Write out each line from the data below that includes the word "auto".

*** Block opens ***

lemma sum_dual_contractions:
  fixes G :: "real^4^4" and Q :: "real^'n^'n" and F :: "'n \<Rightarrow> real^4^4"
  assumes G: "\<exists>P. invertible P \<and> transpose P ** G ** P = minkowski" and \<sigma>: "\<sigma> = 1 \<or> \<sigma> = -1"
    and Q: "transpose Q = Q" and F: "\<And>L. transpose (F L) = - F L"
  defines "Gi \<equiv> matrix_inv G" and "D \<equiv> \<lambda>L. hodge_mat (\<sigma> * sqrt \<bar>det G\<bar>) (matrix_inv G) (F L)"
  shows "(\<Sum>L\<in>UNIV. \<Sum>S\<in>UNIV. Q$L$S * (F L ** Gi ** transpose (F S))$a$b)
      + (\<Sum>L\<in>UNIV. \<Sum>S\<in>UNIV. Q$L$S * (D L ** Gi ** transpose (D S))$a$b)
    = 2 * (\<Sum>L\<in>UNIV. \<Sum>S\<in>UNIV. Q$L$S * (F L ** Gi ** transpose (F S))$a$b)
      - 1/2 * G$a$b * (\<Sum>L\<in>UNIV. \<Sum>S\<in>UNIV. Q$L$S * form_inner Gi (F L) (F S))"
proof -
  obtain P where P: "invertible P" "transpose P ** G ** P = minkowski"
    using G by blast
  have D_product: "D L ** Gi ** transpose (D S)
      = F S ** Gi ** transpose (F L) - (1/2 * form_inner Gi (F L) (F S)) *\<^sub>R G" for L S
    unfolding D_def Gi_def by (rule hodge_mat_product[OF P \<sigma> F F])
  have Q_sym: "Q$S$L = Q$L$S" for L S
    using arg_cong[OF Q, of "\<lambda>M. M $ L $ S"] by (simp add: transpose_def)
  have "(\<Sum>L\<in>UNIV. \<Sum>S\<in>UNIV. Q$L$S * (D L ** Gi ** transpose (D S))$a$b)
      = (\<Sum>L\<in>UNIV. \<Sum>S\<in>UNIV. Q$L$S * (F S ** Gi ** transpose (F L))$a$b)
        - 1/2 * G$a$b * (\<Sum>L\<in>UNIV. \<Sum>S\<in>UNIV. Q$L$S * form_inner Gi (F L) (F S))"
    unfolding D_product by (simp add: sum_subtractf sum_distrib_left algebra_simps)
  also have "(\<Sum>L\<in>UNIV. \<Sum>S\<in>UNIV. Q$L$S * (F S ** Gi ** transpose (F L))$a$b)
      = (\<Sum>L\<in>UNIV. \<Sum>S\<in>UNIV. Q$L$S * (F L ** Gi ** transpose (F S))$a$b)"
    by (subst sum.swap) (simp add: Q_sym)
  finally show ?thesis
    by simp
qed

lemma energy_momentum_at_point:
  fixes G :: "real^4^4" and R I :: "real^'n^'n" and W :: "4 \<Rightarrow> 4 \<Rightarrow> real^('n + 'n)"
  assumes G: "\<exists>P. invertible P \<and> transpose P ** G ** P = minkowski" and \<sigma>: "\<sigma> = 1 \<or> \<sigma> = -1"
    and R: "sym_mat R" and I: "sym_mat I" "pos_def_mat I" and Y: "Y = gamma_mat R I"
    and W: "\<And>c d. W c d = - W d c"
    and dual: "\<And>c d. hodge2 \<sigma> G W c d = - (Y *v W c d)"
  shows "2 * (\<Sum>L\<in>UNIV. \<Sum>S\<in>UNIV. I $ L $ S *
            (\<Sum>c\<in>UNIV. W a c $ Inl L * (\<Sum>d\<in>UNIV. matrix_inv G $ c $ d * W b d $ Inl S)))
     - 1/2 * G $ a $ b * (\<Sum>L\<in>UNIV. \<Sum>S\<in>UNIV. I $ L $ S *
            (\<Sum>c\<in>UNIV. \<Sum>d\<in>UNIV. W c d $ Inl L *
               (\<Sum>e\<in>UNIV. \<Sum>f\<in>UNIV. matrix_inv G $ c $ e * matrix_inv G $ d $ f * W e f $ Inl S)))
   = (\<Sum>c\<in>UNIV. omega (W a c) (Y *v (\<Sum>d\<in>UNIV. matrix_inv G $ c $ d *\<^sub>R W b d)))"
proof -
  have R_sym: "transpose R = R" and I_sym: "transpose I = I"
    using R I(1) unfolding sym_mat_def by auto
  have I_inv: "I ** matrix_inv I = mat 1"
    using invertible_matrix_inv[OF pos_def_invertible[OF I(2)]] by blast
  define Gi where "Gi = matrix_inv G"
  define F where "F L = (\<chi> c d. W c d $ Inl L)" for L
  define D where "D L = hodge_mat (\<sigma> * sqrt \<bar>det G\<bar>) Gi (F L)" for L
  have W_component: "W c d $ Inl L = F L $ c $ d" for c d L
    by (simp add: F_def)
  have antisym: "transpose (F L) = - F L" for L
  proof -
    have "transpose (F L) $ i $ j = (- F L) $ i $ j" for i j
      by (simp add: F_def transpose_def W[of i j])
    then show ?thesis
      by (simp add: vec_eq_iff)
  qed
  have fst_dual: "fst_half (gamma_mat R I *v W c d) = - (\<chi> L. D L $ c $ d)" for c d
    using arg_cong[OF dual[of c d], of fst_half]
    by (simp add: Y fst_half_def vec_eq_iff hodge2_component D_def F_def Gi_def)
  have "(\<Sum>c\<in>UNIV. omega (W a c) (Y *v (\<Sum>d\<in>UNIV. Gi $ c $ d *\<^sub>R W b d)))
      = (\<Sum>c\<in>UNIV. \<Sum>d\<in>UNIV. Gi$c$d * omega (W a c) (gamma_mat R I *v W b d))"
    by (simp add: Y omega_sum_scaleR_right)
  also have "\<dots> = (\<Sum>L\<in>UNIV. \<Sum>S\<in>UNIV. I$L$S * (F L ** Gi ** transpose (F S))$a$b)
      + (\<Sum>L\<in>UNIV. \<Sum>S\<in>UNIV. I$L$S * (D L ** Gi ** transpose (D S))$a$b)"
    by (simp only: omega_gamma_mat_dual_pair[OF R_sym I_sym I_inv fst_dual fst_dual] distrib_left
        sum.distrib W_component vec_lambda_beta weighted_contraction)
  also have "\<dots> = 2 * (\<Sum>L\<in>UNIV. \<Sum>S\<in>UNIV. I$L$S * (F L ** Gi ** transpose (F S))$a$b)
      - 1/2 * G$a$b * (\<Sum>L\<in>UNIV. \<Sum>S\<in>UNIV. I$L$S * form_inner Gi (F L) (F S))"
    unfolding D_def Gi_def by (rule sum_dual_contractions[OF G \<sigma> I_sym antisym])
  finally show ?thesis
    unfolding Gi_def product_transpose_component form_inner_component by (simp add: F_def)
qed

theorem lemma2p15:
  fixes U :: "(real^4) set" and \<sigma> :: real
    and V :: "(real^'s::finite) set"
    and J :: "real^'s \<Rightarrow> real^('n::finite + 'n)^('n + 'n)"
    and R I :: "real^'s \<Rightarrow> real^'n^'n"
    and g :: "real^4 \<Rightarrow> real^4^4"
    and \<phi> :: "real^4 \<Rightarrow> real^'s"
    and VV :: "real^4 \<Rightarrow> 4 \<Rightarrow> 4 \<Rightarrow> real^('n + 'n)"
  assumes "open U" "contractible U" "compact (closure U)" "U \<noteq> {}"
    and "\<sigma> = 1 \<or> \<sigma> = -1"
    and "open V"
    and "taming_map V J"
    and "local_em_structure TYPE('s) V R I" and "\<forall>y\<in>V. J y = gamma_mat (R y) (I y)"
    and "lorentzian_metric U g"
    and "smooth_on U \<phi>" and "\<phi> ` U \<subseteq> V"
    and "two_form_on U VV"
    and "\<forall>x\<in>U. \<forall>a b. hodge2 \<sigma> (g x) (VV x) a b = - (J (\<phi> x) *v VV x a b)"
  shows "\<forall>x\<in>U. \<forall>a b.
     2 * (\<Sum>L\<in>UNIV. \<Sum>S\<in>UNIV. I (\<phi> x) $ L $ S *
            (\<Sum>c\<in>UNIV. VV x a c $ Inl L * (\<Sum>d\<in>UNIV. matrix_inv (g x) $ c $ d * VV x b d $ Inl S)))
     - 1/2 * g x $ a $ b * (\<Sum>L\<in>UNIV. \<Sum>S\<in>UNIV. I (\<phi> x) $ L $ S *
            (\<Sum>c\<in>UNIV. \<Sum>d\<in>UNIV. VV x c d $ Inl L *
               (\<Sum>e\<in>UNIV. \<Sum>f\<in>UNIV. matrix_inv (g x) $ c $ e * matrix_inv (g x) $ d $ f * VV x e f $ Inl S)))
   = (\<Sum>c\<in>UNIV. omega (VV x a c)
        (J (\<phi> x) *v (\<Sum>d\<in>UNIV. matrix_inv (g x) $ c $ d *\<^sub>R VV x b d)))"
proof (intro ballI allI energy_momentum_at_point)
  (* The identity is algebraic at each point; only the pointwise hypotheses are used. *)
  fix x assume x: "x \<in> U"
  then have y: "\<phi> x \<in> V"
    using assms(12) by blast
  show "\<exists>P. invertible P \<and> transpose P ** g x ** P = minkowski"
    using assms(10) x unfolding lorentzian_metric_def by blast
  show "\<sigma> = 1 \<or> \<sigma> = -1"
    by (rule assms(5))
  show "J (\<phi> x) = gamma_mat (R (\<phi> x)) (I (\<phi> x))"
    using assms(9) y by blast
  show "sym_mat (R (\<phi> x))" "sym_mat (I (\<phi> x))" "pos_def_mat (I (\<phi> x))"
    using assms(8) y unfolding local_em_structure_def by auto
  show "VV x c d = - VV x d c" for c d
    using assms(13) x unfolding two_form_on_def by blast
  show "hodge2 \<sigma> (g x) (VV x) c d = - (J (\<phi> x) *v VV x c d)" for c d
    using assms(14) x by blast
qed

*** Block closes ***
*** Block opens ***

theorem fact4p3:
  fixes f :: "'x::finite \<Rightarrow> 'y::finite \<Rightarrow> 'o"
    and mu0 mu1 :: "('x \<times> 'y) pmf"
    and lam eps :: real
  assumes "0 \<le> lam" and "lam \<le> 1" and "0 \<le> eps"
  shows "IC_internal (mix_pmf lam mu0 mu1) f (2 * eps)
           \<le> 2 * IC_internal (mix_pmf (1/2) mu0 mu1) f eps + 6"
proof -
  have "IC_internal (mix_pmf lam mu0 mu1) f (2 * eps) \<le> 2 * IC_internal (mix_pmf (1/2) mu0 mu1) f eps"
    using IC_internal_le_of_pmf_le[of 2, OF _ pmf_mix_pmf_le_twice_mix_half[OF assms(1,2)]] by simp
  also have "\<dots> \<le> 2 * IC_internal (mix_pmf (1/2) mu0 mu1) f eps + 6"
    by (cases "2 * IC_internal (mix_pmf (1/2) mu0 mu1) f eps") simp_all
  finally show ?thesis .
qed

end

*** Block closes ***
*** Block opens ***

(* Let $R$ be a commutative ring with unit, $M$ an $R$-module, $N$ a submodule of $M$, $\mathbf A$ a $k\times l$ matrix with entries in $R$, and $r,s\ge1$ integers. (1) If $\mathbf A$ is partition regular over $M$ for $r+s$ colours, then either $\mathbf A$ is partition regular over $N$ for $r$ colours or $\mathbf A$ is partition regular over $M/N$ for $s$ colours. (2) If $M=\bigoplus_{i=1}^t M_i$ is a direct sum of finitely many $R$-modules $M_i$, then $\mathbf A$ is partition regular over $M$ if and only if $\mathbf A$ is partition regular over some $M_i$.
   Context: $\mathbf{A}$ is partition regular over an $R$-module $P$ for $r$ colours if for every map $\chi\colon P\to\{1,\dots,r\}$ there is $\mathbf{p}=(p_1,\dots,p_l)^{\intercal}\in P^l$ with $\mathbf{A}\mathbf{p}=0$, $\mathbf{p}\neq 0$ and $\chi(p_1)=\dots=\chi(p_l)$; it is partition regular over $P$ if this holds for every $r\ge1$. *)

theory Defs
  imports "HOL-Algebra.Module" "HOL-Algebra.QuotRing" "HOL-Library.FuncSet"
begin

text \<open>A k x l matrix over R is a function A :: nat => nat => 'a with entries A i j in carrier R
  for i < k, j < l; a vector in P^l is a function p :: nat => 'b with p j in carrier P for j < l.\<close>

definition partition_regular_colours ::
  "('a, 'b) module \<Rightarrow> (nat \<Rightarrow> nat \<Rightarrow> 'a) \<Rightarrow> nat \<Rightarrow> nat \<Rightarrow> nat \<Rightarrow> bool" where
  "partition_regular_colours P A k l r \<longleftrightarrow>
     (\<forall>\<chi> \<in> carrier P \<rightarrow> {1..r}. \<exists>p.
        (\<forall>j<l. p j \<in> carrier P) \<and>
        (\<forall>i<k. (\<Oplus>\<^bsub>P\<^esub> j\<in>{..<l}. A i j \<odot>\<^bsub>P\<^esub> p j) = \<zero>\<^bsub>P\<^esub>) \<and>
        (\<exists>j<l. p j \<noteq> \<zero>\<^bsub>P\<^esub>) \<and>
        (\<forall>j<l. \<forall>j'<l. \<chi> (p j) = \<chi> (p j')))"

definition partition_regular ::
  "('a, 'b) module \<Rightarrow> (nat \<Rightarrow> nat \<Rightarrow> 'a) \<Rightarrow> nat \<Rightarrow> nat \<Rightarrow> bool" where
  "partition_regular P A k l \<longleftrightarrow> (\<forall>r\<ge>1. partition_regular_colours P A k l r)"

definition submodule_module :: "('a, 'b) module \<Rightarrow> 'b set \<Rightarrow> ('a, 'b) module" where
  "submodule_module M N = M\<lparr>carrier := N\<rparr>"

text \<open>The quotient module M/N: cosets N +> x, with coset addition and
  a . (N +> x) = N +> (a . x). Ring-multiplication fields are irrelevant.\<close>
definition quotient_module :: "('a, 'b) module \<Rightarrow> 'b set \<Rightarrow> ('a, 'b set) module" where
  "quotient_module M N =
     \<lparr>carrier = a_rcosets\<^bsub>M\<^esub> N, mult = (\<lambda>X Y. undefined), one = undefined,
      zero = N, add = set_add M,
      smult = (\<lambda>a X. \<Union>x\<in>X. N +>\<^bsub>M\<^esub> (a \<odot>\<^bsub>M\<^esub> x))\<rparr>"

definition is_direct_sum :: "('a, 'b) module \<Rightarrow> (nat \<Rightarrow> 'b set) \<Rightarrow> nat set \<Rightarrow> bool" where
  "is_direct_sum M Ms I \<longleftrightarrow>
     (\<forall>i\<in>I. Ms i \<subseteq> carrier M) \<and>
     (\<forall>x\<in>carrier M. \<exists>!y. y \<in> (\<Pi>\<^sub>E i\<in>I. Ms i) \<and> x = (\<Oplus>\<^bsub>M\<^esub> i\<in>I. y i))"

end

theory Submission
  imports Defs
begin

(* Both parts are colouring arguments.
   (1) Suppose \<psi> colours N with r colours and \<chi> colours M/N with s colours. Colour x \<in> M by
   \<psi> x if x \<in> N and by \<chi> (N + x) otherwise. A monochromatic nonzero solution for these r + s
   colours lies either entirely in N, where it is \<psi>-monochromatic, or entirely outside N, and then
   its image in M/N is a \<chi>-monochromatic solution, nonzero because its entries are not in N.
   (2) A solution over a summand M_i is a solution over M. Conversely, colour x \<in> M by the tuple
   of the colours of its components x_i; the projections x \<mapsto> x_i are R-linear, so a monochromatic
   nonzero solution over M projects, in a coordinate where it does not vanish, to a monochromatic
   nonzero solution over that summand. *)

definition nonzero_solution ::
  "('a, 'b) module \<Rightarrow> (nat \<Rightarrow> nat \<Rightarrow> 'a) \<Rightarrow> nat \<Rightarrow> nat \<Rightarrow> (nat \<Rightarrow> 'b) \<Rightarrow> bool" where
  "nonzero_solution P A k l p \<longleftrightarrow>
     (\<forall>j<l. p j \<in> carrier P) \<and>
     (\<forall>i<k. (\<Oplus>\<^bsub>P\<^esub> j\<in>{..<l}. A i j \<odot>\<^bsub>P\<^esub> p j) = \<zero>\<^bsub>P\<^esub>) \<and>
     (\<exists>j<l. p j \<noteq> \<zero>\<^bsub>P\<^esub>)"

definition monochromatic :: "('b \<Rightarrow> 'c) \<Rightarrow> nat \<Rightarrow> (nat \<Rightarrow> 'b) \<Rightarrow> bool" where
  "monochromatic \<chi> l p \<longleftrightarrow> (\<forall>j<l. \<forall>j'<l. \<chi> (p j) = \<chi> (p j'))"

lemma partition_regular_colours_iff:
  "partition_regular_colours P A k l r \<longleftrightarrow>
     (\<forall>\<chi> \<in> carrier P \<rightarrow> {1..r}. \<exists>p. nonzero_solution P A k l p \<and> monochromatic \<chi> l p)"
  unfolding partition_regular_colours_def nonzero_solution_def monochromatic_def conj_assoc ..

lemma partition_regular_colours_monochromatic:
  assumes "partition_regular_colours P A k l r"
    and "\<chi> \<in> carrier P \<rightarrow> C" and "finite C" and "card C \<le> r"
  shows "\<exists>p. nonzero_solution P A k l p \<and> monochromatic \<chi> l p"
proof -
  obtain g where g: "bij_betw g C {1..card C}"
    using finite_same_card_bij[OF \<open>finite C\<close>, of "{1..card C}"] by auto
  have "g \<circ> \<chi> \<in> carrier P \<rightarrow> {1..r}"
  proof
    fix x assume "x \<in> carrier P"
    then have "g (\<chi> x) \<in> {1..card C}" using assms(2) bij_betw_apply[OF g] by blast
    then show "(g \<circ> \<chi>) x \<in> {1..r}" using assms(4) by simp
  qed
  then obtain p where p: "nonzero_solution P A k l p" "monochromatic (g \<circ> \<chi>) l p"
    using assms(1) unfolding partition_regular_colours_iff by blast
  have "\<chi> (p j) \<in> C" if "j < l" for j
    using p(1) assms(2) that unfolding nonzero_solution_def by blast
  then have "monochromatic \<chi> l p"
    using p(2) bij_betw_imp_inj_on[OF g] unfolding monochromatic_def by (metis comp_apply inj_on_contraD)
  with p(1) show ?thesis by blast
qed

*** Block closes ***

- Response for this exercise -
    using R I(1) unfolding sym_mat_def by auto
    using assms(8) y unfolding local_em_structure_def by auto
    using finite_same_card_bij[OF \<open>finite C\<close>, of "{1..card C}"] by auto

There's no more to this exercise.